__WHAT IS BEING ASKED__
The word "allocated" marks the lines to keep; find each one in the data and copy it.

__DATA FOR REVIEW__
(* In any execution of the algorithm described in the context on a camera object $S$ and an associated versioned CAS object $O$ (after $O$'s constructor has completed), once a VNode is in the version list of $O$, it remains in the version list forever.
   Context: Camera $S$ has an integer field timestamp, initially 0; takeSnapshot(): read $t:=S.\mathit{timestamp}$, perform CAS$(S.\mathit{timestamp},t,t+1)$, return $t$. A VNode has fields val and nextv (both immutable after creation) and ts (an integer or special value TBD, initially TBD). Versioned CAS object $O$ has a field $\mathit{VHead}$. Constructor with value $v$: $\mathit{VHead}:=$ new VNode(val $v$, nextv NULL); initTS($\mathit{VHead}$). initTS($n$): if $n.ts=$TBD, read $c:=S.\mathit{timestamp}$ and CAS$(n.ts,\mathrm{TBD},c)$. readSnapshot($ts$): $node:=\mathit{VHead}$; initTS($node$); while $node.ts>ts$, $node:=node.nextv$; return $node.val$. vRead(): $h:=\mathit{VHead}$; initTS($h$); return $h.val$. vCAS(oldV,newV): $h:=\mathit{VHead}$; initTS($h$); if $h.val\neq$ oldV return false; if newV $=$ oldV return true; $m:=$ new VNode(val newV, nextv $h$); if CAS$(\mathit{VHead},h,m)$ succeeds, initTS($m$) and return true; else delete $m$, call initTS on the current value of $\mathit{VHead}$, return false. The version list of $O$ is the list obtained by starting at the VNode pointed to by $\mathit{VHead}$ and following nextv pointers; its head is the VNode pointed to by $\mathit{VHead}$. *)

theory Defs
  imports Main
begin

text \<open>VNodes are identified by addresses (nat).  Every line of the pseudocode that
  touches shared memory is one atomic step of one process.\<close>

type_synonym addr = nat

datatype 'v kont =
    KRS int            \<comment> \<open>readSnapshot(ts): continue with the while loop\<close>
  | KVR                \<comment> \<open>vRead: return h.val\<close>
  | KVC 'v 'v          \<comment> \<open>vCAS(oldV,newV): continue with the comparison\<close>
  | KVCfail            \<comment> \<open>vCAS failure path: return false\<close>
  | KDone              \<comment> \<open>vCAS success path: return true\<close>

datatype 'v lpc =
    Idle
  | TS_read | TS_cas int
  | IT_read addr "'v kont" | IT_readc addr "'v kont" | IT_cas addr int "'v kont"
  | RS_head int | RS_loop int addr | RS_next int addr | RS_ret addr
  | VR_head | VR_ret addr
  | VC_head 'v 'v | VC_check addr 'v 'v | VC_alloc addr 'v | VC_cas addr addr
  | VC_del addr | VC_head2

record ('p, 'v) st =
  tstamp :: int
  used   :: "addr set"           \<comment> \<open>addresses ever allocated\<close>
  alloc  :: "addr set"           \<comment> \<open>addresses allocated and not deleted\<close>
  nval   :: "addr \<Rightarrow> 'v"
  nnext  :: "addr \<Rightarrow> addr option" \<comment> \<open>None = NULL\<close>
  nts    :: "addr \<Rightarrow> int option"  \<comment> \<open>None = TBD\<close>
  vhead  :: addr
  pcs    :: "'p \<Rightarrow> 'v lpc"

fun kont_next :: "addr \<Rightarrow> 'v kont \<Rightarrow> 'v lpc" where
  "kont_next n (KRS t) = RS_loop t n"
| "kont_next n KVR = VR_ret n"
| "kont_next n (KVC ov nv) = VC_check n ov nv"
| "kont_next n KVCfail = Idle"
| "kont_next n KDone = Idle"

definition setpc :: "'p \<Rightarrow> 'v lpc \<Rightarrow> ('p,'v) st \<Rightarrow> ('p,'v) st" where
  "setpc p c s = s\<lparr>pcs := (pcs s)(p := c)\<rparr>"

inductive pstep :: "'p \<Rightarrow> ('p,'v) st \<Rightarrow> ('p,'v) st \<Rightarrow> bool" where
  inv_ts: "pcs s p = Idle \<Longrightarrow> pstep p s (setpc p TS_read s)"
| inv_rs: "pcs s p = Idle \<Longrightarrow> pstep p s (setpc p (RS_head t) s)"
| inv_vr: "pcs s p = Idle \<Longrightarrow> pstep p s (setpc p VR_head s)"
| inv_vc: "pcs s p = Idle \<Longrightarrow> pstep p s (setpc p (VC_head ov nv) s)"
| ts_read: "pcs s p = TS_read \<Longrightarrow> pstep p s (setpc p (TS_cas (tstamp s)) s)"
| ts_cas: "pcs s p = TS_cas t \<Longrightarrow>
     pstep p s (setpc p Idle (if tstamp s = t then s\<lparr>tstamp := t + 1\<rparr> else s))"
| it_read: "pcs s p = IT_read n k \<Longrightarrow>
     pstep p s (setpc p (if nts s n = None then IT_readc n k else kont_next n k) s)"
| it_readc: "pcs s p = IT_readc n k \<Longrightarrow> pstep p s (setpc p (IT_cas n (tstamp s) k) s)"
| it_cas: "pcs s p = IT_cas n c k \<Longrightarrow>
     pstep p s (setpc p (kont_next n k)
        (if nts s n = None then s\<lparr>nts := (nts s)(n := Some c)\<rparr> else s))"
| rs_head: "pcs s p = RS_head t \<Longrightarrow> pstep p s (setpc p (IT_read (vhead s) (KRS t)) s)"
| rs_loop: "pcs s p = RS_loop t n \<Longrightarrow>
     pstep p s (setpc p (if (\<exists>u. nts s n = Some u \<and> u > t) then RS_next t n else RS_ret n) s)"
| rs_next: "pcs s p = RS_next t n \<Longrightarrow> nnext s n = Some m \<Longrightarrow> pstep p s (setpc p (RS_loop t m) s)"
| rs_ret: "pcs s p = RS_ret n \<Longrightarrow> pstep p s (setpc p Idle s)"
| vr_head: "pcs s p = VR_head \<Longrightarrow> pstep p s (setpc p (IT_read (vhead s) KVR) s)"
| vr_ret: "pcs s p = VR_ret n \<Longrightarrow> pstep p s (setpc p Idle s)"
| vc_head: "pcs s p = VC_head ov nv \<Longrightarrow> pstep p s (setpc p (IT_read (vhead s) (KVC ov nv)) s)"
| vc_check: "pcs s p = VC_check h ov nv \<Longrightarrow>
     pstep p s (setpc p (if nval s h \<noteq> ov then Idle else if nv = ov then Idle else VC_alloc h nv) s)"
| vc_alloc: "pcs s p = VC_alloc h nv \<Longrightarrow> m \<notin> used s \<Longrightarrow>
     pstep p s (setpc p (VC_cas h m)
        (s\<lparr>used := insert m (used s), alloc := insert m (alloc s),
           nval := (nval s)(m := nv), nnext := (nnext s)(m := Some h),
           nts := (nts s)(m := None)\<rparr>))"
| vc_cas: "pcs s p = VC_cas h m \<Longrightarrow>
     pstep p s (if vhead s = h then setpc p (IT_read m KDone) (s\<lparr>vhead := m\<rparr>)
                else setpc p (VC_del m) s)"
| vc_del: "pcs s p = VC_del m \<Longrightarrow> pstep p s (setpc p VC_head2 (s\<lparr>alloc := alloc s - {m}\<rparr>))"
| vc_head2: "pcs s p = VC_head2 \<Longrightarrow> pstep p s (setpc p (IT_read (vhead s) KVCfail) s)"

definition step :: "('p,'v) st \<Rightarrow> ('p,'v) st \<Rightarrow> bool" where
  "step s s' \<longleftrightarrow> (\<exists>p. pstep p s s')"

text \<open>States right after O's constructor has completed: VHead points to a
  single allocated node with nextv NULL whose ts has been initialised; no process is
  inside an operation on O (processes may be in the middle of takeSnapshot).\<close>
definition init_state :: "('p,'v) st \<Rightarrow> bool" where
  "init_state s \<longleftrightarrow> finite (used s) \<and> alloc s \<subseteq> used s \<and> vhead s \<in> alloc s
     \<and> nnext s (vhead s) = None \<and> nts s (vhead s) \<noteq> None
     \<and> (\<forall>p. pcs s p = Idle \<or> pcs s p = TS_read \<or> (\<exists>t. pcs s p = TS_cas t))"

__FINISHED TASK__
  used   :: "addr set"           \<comment> \<open>addresses ever allocated\<close>
  alloc  :: "addr set"           \<comment> \<open>addresses allocated and not deleted\<close>
  single allocated node with nextv NULL whose ts has been initialised; no process is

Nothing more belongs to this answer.